Bibliographical description is a means of describing books according standardized rules.
Why bibliographical description? In the classic formulation of Fredson Bowers,
“the methods of descriptive bibliography seem to have evolved from a triple purpose: (1) to furnish a detailed, analytical record of the physical characteristics of a book which would simultaneously serve as a trustworthy source of identification and as a medium to bring an absent book before a reader’s eyes; (2) to provide an analytical investigation and an ordered arrangement of these physical facts which would serve as the prerequisite for textual criticism of the books described; (3) to approach both literary and printing or publishing history through the investigation and recording of appropriate details in a related series of books.”
Bowers, Fredson. Principles of Bibliographical Description. New Castle, DE: Oak Knoll Press, 1994. xv.
Contained herein are the aims of this project: to furnish detailed records of books published by Vintage Contemporaries; to provide an ordered arrangement of these records to allow for further study; (especially) to approach both literary and publishing history through the investigation of a related series of books.
Over the course of this project, my guides have been the standard works of bibliographical description. I have consulted, frequently and with pleasure, Philip Gaskell’s A New Introduction to Bibliography, Fredson Bowers’s Principles of Bibliographical Description, and John Carter’s ABC for Book Collectors, among others. Gaskell and Bowers contain the basics of bibliographical description and more, but both books are more concerned with the description of books of earlier hand- and machine-press eras—Gaskell, the later treatise, covers up to 1950. Since neither book has much to say about paperbacks, much less paperbacks of the 1980s and 1990s, and since I have found little on the subject elsewhere, I have followed Gaskell and Bowers where I can and improvised when necessary. For inspiration and hints on style, I have often turned to Donald Gallup’s T.S. Eliot and Audre Hanneman’s Hemingway. Each bibliographic description should provide a fairly complete picture of a Vintage Contemporaries paperback.

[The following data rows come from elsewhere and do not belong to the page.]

lemma attitude_dissipation:
  fixes s ds \<phi> :: "real^'n" and J dJ C L :: "real^'n^'n"
  assumes dyn: "J *v ds = - (L *v s) - (\<Sum>i<n. K i * x ^ i) *\<^sub>R sgn s - C *v s + \<phi>"
    and skew: "s \<bullet> ((dJ - 2 *\<^sub>R C) *v s) = 0"
    and \<phi>: "norm \<phi> \<le> (\<Sum>i<n. Ks i * x ^ i)"
    and L: "l * (s \<bullet> s) \<le> s \<bullet> (L *v s)" and J: "s \<bullet> (J *v s) \<le> j * (s \<bullet> s)"
    and "k * j \<le> 2 * l" and "0 < k" and a: "\<forall>i<n. k \<le> a i"
  shows "s \<bullet> (J *v ds) + 1/2 * (s \<bullet> (dJ *v s))
      + (\<Sum>i<n. (K i - Ks i) * (norm s * x ^ i - a i * K i))
    \<le> - k * (1/2 * (s \<bullet> (J *v s)) + 1/2 * (\<Sum>i<n. (K i - Ks i)\<^sup>2)) + (\<Sum>i<n. a i / 2 * (Ks i)\<^sup>2)"
proof -
  have "s \<bullet> (dJ *v s) = 2 * (s \<bullet> (C *v s))"
    using skew by (simp add: matrix_vector_mult_diff_rdistrib inner_diff_right
        scaleR_matrix_vector_assoc[symmetric])
  then have "s \<bullet> (J *v ds) + 1/2 * (s \<bullet> (dJ *v s))
      + (\<Sum>i<n. (K i - Ks i) * (norm s * x ^ i - a i * K i))
    = - (s \<bullet> (L *v s))
      + (s \<bullet> \<phi> - norm s * (\<Sum>i<n. K i * x ^ i) + (\<Sum>i<n. (K i - Ks i) * (norm s * x ^ i - a i * K i)))"
    unfolding dyn by (simp add: inner_diff_right inner_add_right inner_sgn_self)
  moreover have "k * (s \<bullet> (J *v s)) \<le> 2 * (s \<bullet> (L *v s))"
  proof -
    have "k * (s \<bullet> (J *v s)) \<le> k * j * (s \<bullet> s)"
      using mult_left_mono[OF J] \<open>0 < k\<close> by (simp add: mult.assoc)
    also have "\<dots> \<le> 2 * l * (s \<bullet> s)"
      using \<open>k * j \<le> 2 * l\<close> by (rule mult_right_mono) simp
    also have "\<dots> \<le> 2 * (s \<bullet> (L *v s))"
      using L by simp
    finally show ?thesis .
  qed
  moreover have "s \<bullet> \<phi> - norm s * (\<Sum>i<n. K i * x ^ i)
      + (\<Sum>i<n. (K i - Ks i) * (norm s * x ^ i - a i * K i))
    \<le> (\<Sum>i<n. a i / 2 * (Ks i)\<^sup>2) - k / 2 * (\<Sum>i<n. (K i - Ks i)\<^sup>2)"
    using \<phi> \<open>0 < k\<close> a by (rule adaptive_robust_bound)
  ultimately show ?thesis by (simp add: distrib_left)
qed
lemma congruence_carrier[simp]:
  "M \<in> carrier_mat n n \<Longrightarrow> A \<in> carrier_mat n n \<Longrightarrow> M * A * adj M \<in> carrier_mat n n"
  by (meson adj_carrier mult_carrier_mat)

lemma conj_vec_carrier[simp]: "u \<in> carrier_vec n \<Longrightarrow> conj_vec u \<in> carrier_vec n"
  unfolding conj_vec_def by (metis carrier_vecD vec_carrier)

lemma transpose_conj_vec:
  assumes M: "M \<in> carrier_mat n n" and v: "v \<in> carrier_vec n"
  shows "transpose_mat M *\<^sub>v conj_vec v = conj_vec (adj M *\<^sub>v v)"
proof (rule eq_vecI)
  show "dim_vec (transpose_mat M *\<^sub>v conj_vec v) = dim_vec (conj_vec (adj M *\<^sub>v v))"
    using M v by (simp add: conj_vec_def adj_def)
  fix k assume "k < dim_vec (conj_vec (adj M *\<^sub>v v))"
  then have k: "k < n" using M by (simp add: conj_vec_def adj_def)
  have "(transpose_mat M *\<^sub>v conj_vec v) $ k = cnj (\<Sum>i<n. cnj (M $$ (i,k)) * v $ i)"
    using M v k by (auto simp: scalar_prod_def conj_vec_def atLeast0LessThan intro!: sum.cong)
  also have "(\<Sum>i<n. cnj (M $$ (i,k)) * v $ i) = (adj M *\<^sub>v v) $ k"
    using M v k by (auto simp: scalar_prod_def adj_def atLeast0LessThan intro!: sum.cong)
  finally show "(transpose_mat M *\<^sub>v conj_vec v) $ k = conj_vec (adj M *\<^sub>v v) $ k"
    using M k by (simp add: conj_vec_def adj_def)
qed

lemma hform_congruence:
  assumes M: "M \<in> carrier_mat n n" and A: "A \<in> carrier_mat n n" and v: "v \<in> carrier_vec n"
  shows "hform n (M * A * adj M) v v = hform n A (adj M *\<^sub>v v) (adj M *\<^sub>v v)"
proof -
  define w where "w = adj M *\<^sub>v v"
  have wc: "w \<in> carrier_vec n" using M v by (simp add: w_def)
  have "(M * A * adj M) *\<^sub>v v = M *\<^sub>v (A *\<^sub>v w)"
    using M A v by (simp add: w_def assoc_mult_mat_vec[of _ n n _ n])
  then have "hform n (M * A * adj M) v v = conj_vec v \<bullet> (M *\<^sub>v (A *\<^sub>v w))"
    using hform_scalar_prod[of "M * A * adj M" n v v] M A v by simp
  also have "\<dots> = (transpose_mat M *\<^sub>v conj_vec v) \<bullet> (A *\<^sub>v w)"
    using transpose_vec_mult_scalar[OF M, of "A *\<^sub>v w" "conj_vec v"] A wc v by simp
  also have "\<dots> = conj_vec w \<bullet> (A *\<^sub>v w)" using transpose_conj_vec[OF M v] w_def by simp
  also have "\<dots> = hform n A w w" using hform_scalar_prod[OF A wc wc] by simp
  finally show ?thesis by (simp add: w_def)
qed

lemma positive_op_congruence:
  assumes M: "M \<in> carrier_mat n n" and A: "positive_op n A"
  shows "positive_op n (M * A * adj M)"
proof (rule positive_opI)
  have cA: "A \<in> carrier_mat n n" using A positive_op_carrier by auto
  then show "M * A * adj M \<in> carrier_mat n n" using M by simp
  fix v :: "complex vec" assume v: "v \<in> carrier_vec n"
  show "nonneg (hform n (M * A * adj M) v v)"
    using hform_congruence[OF M cA v] positive_op_nonneg[OF A] M v by simp
qed

text \<open>The trivial ampliation of a map is the map itself, so completely positive maps are positive.\<close>

lemma ampliate_1:
  assumes X: "X \<in> carrier_mat d d" and EX: "E X \<in> carrier_mat d d"
  shows "ampliate 1 d E X = E X"
proof -
  have "mat d d (\<lambda>(k,l). X $$ (k, l)) = X" using X by (intro eq_matI) auto
  then show ?thesis using EX by (intro eq_matI) (auto simp: ampliate_def)
qed

lemma completely_positive_positive:
  assumes "completely_positive d E" "positive_op d X" "E X \<in> carrier_mat d d"
  shows "positive_op d (E X)"
  using assms ampliate_1[of X d E] positive_op_carrier[OF assms(2)]
  unfolding completely_positive_def by (metis mult_1)

locale qprogram =
  fixes d m :: nat and E :: "nat \<Rightarrow> complex mat \<Rightarrow> complex mat" and M1 :: "complex mat"
  assumes super: "\<And>k. k \<in> {1..m} \<Longrightarrow> super_operator d (E k)"
    and M1: "M1 \<in> carrier_mat d d"
begin

definition word :: "nat list \<Rightarrow> bool" where
  "word f \<longleftrightarrow> set f \<subseteq> {1..m}"

lemma E_linear: "k \<in> {1..m} \<Longrightarrow> linear_op_map d (E k)"
  using super by (simp add: super_operator_def)

lemma F_carrier: "k \<in> {1..m} \<Longrightarrow> X \<in> carrier_mat d d \<Longrightarrow> Fk E M1 k X \<in> carrier_mat d d"
  using E_linear M1 unfolding Fk_def linear_op_map_def by simp

lemma F_positive: "k \<in> {1..m} \<Longrightarrow> positive_op d X \<Longrightarrow> positive_op d (Fk E M1 k X)"
  using super F_carrier positive_op_congruence[OF M1] positive_op_carrier
  unfolding Fk_def super_operator_def by (metis completely_positive_positive)

lemma F_add:
  assumes k: "k \<in> {1..m}" and A: "A \<in> carrier_mat d d" and B: "B \<in> carrier_mat d d"
  shows "Fk E M1 k (A + B) = Fk E M1 k A + Fk E M1 k B"
proof -
  have "M1 * (A + B) = M1 * A + M1 * B" using M1 A B by (simp add: mult_add_distrib_mat)
  moreover have "(M1 * A + M1 * B) * adj M1 = M1 * A * adj M1 + M1 * B * adj M1"
    using M1 A B by (intro add_mult_distrib_mat[OF _ _ adj_carrier[OF M1]]) auto
  ultimately have "M1 * (A + B) * adj M1 = M1 * A * adj M1 + M1 * B * adj M1" by simp
  then show ?thesis using E_linear[OF k] M1 A B unfolding Fk_def linear_op_map_def by simp
qed

lemma F_smult:
  assumes k: "k \<in> {1..m}" and A: "A \<in> carrier_mat d d"
  shows "Fk E M1 k (c \<cdot>\<^sub>m A) = c \<cdot>\<^sub>m Fk E M1 k A"
proof -
  have "M1 * (c \<cdot>\<^sub>m A) = c \<cdot>\<^sub>m (M1 * A)" using M1 A by (simp add: mult_smult_distrib)
  moreover have "(c \<cdot>\<^sub>m (M1 * A)) * adj M1 = c \<cdot>\<^sub>m (M1 * A * adj M1)"
    using M1 A by (intro mult_smult_assoc_mat[OF _ adj_carrier[OF M1]]) auto
  ultimately have "M1 * (c \<cdot>\<^sub>m A) * adj M1 = c \<cdot>\<^sub>m (M1 * A * adj M1)" by simp
  then show ?thesis using E_linear[OF k] M1 A unfolding Fk_def linear_op_map_def by simp
qed

lemma F_minus:
  assumes k: "k \<in> {1..m}" and A: "A \<in> carrier_mat d d" and B: "B \<in> carrier_mat d d"
  shows "Fk E M1 k (A - B) = Fk E M1 k A - Fk E M1 k B"
proof -
  have minus: "X - Y = X + (-1) \<cdot>\<^sub>m Y" if "X \<in> carrier_mat d d" "Y \<in> carrier_mat d d" for X Y :: "complex mat"
    using that by (intro eq_matI) auto
  show ?thesis
    using minus[OF A B] minus[OF F_carrier[OF k A] F_carrier[OF k B]] F_add[OF k A] F_smult[OF k B] B
    by simp
qed

lemma F_zero:
  assumes k: "k \<in> {1..m}"
  shows "Fk E M1 k (0\<^sub>m d d) = 0\<^sub>m d d"
proof -
  have zero: "(0::complex) \<cdot>\<^sub>m X = 0\<^sub>m d d" if "X \<in> carrier_mat d d" for X
    using that by (intro eq_matI) auto
  show ?thesis using F_smult[OF k zero_carrier_mat, of 0] zero[of "0\<^sub>m d d"] zero[OF F_carrier[OF k zero_carrier_mat]]
    by simp
qed

lemma F_dominated:
  assumes k: "k \<in> {1..m}" and A: "positive_op d A" and B: "positive_op d B" and "dominated d A B"
  shows "dominated d (Fk E M1 k A) (Fk E M1 k B)"
proof -
  obtain c where c: "c \<ge> 0" "positive_op d (complex_of_real c \<cdot>\<^sub>m B - A)"
    using assms(4) dominated_def by blast
  have "Fk E M1 k (complex_of_real c \<cdot>\<^sub>m B - A) = complex_of_real c \<cdot>\<^sub>m Fk E M1 k B - Fk E M1 k A"
    using F_minus[OF k _ positive_op_carrier[OF A]] F_smult[OF k positive_op_carrier[OF B]] B
    by (simp add: positive_op_carrier)
  then show ?thesis using F_positive[OF k c(2)] c(1) dominated_def by metis
qed

lemma Fstr_Nil[simp]: "Fstr E M1 [] X = X"
  and Fstr_Cons: "Fstr E M1 (k # f) X = Fstr E M1 f (Fk E M1 k X)"
  and Fstr_append: "Fstr E M1 (f @ g) X = Fstr E M1 g (Fstr E M1 f X)"
  and Fstr_snoc: "Fstr E M1 (f @ [k]) X = Fk E M1 k (Fstr E M1 f X)"
  by (simp_all add: Fstr_def)
(* Let $\alpha>0$ and let $(X^n)_{n=1}^\infty$, $(\Lambda^n)_{n=1}^\infty$ be given by $$X^{n+1} =\mathfrak{S}_{f_{\alpha}}\left(F-\frac{\Lambda^n}{2}\right),\qquad \Lambda^{n+1} = \Lambda^{n} + \alpha\mathcal{P}_{\mathcal{M}^\perp}(X^{n+1}),\qquad \Lambda^0=0.$$ Then $(X^{n})_{n=1}^\infty$ and $(\Lambda^{n})_{n=1}^\infty$ converge to some limits $X^\star$ and $\Lambda^\star$, where $X^\star$ is the solution to $$\operatorname{arg\,min}_{X\in\mathcal{M}}\mathscr{N}_{F}^{**}(X)+\frac{\alpha}{2}\|X\|_2^2.$$
   Context: $X,F$ are $M\times N$ matrices, $\|\cdot\|_2$ the Frobenius norm, $\mathcal{M}$ a linear subspace of matrices with orthogonal projection $\mathcal{P}_{\mathcal{M}^\perp}$ onto its orthogonal complement, $\sigma_0>0$ a parameter, and $\mathscr{N}_F^{**}(X)= \sum_j\left( \sigma_0^2-\left(\max\left(\sigma_0-\sigma_j(X),0\right)\right)^2\right) + \|X-F\|_2^2$ is the convex envelope of $\sigma_0^2\operatorname{rank}(X)+\|X-F\|_2^2$. For a matrix $G=U\Sigma_\phi V^*$ (SVD), $\mathfrak{S}_{f_\alpha}(G)=U\Sigma_{f_\alpha(\phi)}V^*$, where $f_\alpha(x)=0$ for $x<\sigma_0$, $f_\alpha(x)=\frac{2}{\alpha}(x-\sigma_0)$ for $\sigma_0\leq x<(1+\frac{\alpha}{2})\sigma_0$, and $f_\alpha(x)=(1+\frac{\alpha}{2})^{-1}x$ for $x\geq(1+\frac{\alpha}{2})\sigma_0$. *)

theory Defs
  imports "HOL-Analysis.Analysis"
begin

text \<open>Real M x N matrices are modelled as real^'n^'m. The HOL-Analysis norm and
inner product on this type are the Frobenius norm and Frobenius inner product.\<close>

definition outer :: "real^'m \<Rightarrow> real^'n \<Rightarrow> real^'n^'m" where
  "outer x y = (\<chi> i j. x$i * y$j)"

definition svd_rep :: "real^'n^'m \<Rightarrow> nat \<Rightarrow> (nat \<Rightarrow> real) \<Rightarrow> (nat \<Rightarrow> real^'m)
                        \<Rightarrow> (nat \<Rightarrow> real^'n) \<Rightarrow> bool" where
  "svd_rep G r s u v \<longleftrightarrow>
     (\<forall>k<r. s k > 0) \<and>
     (\<forall>i<r. \<forall>j<r. u i \<bullet> u j = (if i = j then 1 else 0)) \<and>
     (\<forall>i<r. \<forall>j<r. v i \<bullet> v j = (if i = j then 1 else 0)) \<and>
     G = (\<Sum>k<r. s k *\<^sub>R outer (u k) (v k))"

text \<open>Spectral map S_f(G) = U Sigma_{f(phi)} V^*, for f with f 0 = 0
  (so that zero singular values may be dropped).\<close>
definition spectral_map :: "(real \<Rightarrow> real) \<Rightarrow> real^'n^'m \<Rightarrow> real^'n^'m" where
  "spectral_map f G = (SOME X. \<exists>r s u v. svd_rep G r s u v \<and>
        X = (\<Sum>k<r. f (s k) *\<^sub>R outer (u k) (v k)))"

definition f_alpha :: "real \<Rightarrow> real \<Rightarrow> real \<Rightarrow> real" where
  "f_alpha \<sigma>0 \<alpha> x =
     (if x < \<sigma>0 then 0
      else if x < (1 + \<alpha>/2) * \<sigma>0 then (2/\<alpha>) * (x - \<sigma>0)
      else x / (1 + \<alpha>/2))"

text \<open>N_F^**(X) = sum_j (sigma0^2 - (max(sigma0 - sigma_j(X),0))^2) + ||X - F||^2.
  Zero singular values contribute 0, so summing over the nonzero ones suffices.\<close>
definition N_env :: "real \<Rightarrow> real^'n^'m \<Rightarrow> real^'n^'m \<Rightarrow> real" where
  "N_env \<sigma>0 F X = (SOME t. \<exists>r s u v. svd_rep X r s u v \<and>
        t = (\<Sum>k<r. \<sigma>0\<^sup>2 - (max (\<sigma>0 - s k) 0)\<^sup>2)) + (norm (X - F))\<^sup>2"

definition proj_perp :: "(real^'n^'m) set \<Rightarrow> real^'n^'m \<Rightarrow> real^'n^'m" where
  "proj_perp Msub X = X - (THE Y. Y \<in> Msub \<and> (\<forall>Z\<in>Msub. (X - Y) \<bullet> Z = 0))"

end

theory Submission
  imports Defs
begin

text \<open>With \<open>G = F - \<Lambda>/2\<close>, the Lagrangian \<open>N\<^sub>F\<^sup>*\<^sup>*(Y) + \<alpha>/2 \<parallel>Y\<parallel>\<^sup>2 + \<langle>\<Lambda>, Y\<rangle>\<close> equals,
  up to a constant, \<open>2\<sigma>\<^sub>0 \<parallel>Y\<parallel>\<^sub>* + dist(Y, \<sigma>\<^sub>0 B\<^sub>o\<^sub>p)\<^sup>2 + \<alpha>/2 \<parallel>Y\<parallel>\<^sup>2 - 2\<langle>Y, G\<rangle>\<close>, and
  \<open>S\<^sub>f\<^sub>\<alpha>(G)\<close> satisfies its first-order optimality condition coordinatewise in a singular basis
  of \<open>G\<close>. So \<open>X\<^sup>n\<^sup>+\<^sup>1\<close> minimises an \<open>\<alpha>\<close>-strongly convex Lagrangian and the iteration is
  Uzawa's method (dual ascent with step \<open>\<alpha>\<close>) for minimising \<open>N\<^sub>F\<^sup>*\<^sup>* + \<alpha>/2 \<parallel>\<cdot>\<parallel>\<^sup>2\<close> over \<open>\<M>\<close>.
  Strong convexity makes the primal map \<open>1/\<alpha>\<close>-Lipschitz and the dual function concave, continuous
  and coercive; a dual maximiser is a saddle point, the multipliers are Fej\'er monotone with respect
  to every saddle point, and this forces convergence of both sequences.\<close>

section \<open>Orthonormal families and outer products\<close>

definition orthonormal_upto :: "nat \<Rightarrow> (nat \<Rightarrow> 'a::real_inner) \<Rightarrow> bool" where
  "orthonormal_upto r e \<longleftrightarrow> (\<forall>i<r. \<forall>j<r. e i \<bullet> e j = (if i = j then 1 else 0))"

lemma orthonormal_upto_norm: "orthonormal_upto r e \<Longrightarrow> k < r \<Longrightarrow> norm (e k) = 1"
  by (simp add: orthonormal_upto_def norm_eq_1)

lemma inner_sum_orthonormal_upto_left:
  assumes "orthonormal_upto r e" and "k < r"
  shows "(\<Sum>j<r. c j *\<^sub>R e j) \<bullet> e k = c k"
proof -
  have "(\<Sum>j<r. c j *\<^sub>R e j) \<bullet> e k = (\<Sum>j<r. if j = k then c j else 0)"
    unfolding inner_sum_left
    by (rule sum.cong) (use assms in \<open>auto simp: orthonormal_upto_def\<close>)
  then show ?thesis using assms(2) by simp
qed

lemma inner_sum_orthonormal_upto:
  assumes "orthonormal_upto r e"
  shows "(\<Sum>k<r. c k *\<^sub>R e k) \<bullet> (\<Sum>k<r. d k *\<^sub>R e k) = (\<Sum>k<r. c k * d k)"
  unfolding inner_sum_right inner_scaleR_right
  by (rule sum.cong) (simp_all add: inner_sum_orthonormal_upto_left[OF assms] mult.commute)

lemma norm_sum_orthonormal_upto_sq:
  "orthonormal_upto r e \<Longrightarrow> (norm (\<Sum>k<r. c k *\<^sub>R e k))\<^sup>2 = (\<Sum>k<r. (c k)\<^sup>2)"
  unfolding power2_norm_eq_inner by (simp add: inner_sum_orthonormal_upto power2_eq_square)

lemma bessel_inequality:
  assumes "orthonormal_upto r e"
  shows "(\<Sum>k<r. (z \<bullet> e k)\<^sup>2) \<le> (norm z)\<^sup>2"
proof -
  define w where "w = (\<Sum>k<r. (z \<bullet> e k) *\<^sub>R e k)"
  have zw: "z \<bullet> w = (\<Sum>k<r. (z \<bullet> e k)\<^sup>2)"
    by (simp add: w_def inner_sum_right power2_eq_square)
  have ww: "w \<bullet> w = (\<Sum>k<r. (z \<bullet> e k)\<^sup>2)"
    by (simp add: w_def inner_sum_orthonormal_upto[OF assms] power2_eq_square)
  have "0 \<le> (z - w) \<bullet> (z - w)" by simp
  also have "\<dots> = z \<bullet> z - 2 * (z \<bullet> w) + w \<bullet> w"
    by (simp add: inner_diff_left inner_diff_right inner_commute)
  finally show ?thesis using zw ww by (simp add: power2_norm_eq_inner)
qed

lemma orthonormal_upto_le_DIM:
  fixes e :: "nat \<Rightarrow> 'a::euclidean_space"
  assumes e: "orthonormal_upto r e"
  shows "r \<le> DIM('a)"
proof -
  have inj: "inj_on e {..<r}"
    by (rule inj_onI) (use e in \<open>auto simp: orthonormal_upto_def, metis zero_neq_one\<close>)
  have "0 \<notin> e ` {..<r}"
    using orthonormal_upto_norm[OF e] by fastforce
  then have "independent (e ` {..<r})"
    by (intro pairwise_orthogonal_independent)
      (use e in \<open>auto simp: pairwise_def orthogonal_def orthonormal_upto_def\<close>)
  then have "card (e ` {..<r}) \<le> DIM('a)" using independent_bound by blast
  then show ?thesis using card_image[OF inj] by simp
qed

lemma inner_outer: "outer a b \<bullet> outer c d = (a \<bullet> c) * (b \<bullet> d)"
  unfolding inner_vec_def outer_def
  by (simp add: sum_product mult_ac) (rule sum.swap)

lemma outer_mult_vec: "outer a b *v x = (b \<bullet> x) *\<^sub>R a"
  by (simp add: vec_eq_iff matrix_vector_mult_def outer_def inner_vec_def sum_distrib_left sum_distrib_right mult_ac)

lemma vec_mult_outer: "x v* outer a b = (x \<bullet> a) *\<^sub>R b"
  by (simp add: vec_eq_iff vector_matrix_mult_def outer_def inner_vec_def sum_distrib_left sum_distrib_right mult_ac)

lemma sum_matrix_vector_mult: "(\<Sum>k\<in>A. f k) *v x = (\<Sum>k\<in>A. f k *v (x::real^'n))"
  by (induction A rule: infinite_finite_induct) (auto simp: matrix_vector_mult_add_rdistrib)

lemma vector_matrix_mult_sum: "(x::real^'m) v* (\<Sum>k\<in>A. f k) = (\<Sum>k\<in>A. x v* f k)"
  by (induction A rule: infinite_finite_induct) (auto simp: vector_matrix_mult_add_rdistrib)

lemma scaleR_matrix_vector_mult: "(c *\<^sub>R A) *v x = c *\<^sub>R (A *v (x::real^'n))"
  by (simp add: vec_eq_iff matrix_vector_mult_def sum_distrib_left mult_ac)

lemma vector_matrix_mult_scaleR: "(x::real^'m) v* (c *\<^sub>R A) = c *\<^sub>R (x v* A)"
  by (simp add: vec_eq_iff vector_matrix_mult_def sum_distrib_left mult_ac)

lemma orthonormal_upto_outer:
  "orthonormal_upto r u \<Longrightarrow> orthonormal_upto r v \<Longrightarrow> orthonormal_upto r (\<lambda>k. outer (u k) (v k))"
  by (simp add: orthonormal_upto_def inner_outer)
lemma component_in_connected:
  assumes "x \<in> component_in E A a" "y \<in> component_in E A a"
  shows "connected_in E (component_in E A a) x y"
proof -
  have ax: "connected_in E A a x" and ay: "connected_in E A a y"
    using assms unfolding component_in_def by simp_all
  then have "connected_in E (component_in E A x) x y"
    using connected_in_component connected_in_trans[OF connected_in_sym[OF ax] ay] by blast
  then show ?thesis
    unfolding component_in_eq[OF ax] .
qed

lemma component_in_disjoint:
  assumes "z \<in> component_in E A x" "z \<in> component_in E A y"
  shows "component_in E A x = component_in E A y"
proof -
  have "connected_in E A x z" "connected_in E A y z"
    using assms by (simp_all add: component_in_def)
  then show ?thesis
    using component_in_eq by metis
qed

lemma Union_components: "\<Union>(component_in E A ` A) = A"
proof
  show "\<Union>(component_in E A ` A) \<subseteq> A"
    using component_in_subset by blast
  show "A \<subseteq> \<Union>(component_in E A ` A)"
    using component_in_self by blast
qed

lemma sum_card_components:
  assumes "finite A"
  shows "(\<Sum>T\<in>component_in E A ` A. card T) = card A"
proof -
  note Union_components
  moreover have "pairwise disjnt (component_in E A ` A)"
  proof (rule pairwiseI)
    fix X Y assume "X \<in> component_in E A ` A" "Y \<in> component_in E A ` A" "X \<noteq> Y"
    then show "disjnt X Y"
      unfolding disjnt_def using component_in_disjoint by blast
  qed
  moreover have "finite T" if "T \<in> component_in E A ` A" for T
    using that finite_subset[OF component_in_subset assms] by blast
  ultimately show ?thesis
    using card_Union_disjoint[of "component_in E A ` A"] by simp
qed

Here are the basic elements included in the descriptions of this bibliography:
- Pseudo-facsimile – a transcription of the title-page using standard rules to indicate aspects of title-page layout and typography such as line-breaks and capitalization.
- Collation – a statement of foliation and pagination, describing how many leaves the book contains and how they are numbered (or unnumbered, as is often the case).
- Contents – a statement describing the contents of the book, in particular noting the order of contents and on what pages they appear.
See Gaskell for good summaries of these elements. In addition to these standard elements, I have included some other basic information:
- High-definition photos of the book’s front and back covers.
- A verbatim transcription of the book’s edition statement (e.g. “First Vintage Contemporaries Edition, July 1989”)
- Brief statements about any individuals other than the author credited in the book (usually designers, cover artists, typographers, and photographers)
- Copyright dates
- ISBNs
- Original cover prices
- Original publication information for the work (i.e. publication prior to Vintage Contemporaries)
The final piece of information is a short statement about copies consulted — the copies I used to compile the bibliographic description. In almost all cases, the copies come from my own personal collection, signified by my initials, JDP. The numbers following after indicate edition and printing, so 1.1 would indicate first edition, first printing. Early on, the Vintage Contemporaries did not indicate a book’s printing, and I therefore presume an early printing in the absence of contrary data; which is to say, I look for evidence of a later printing, and if I find none, I deem it early.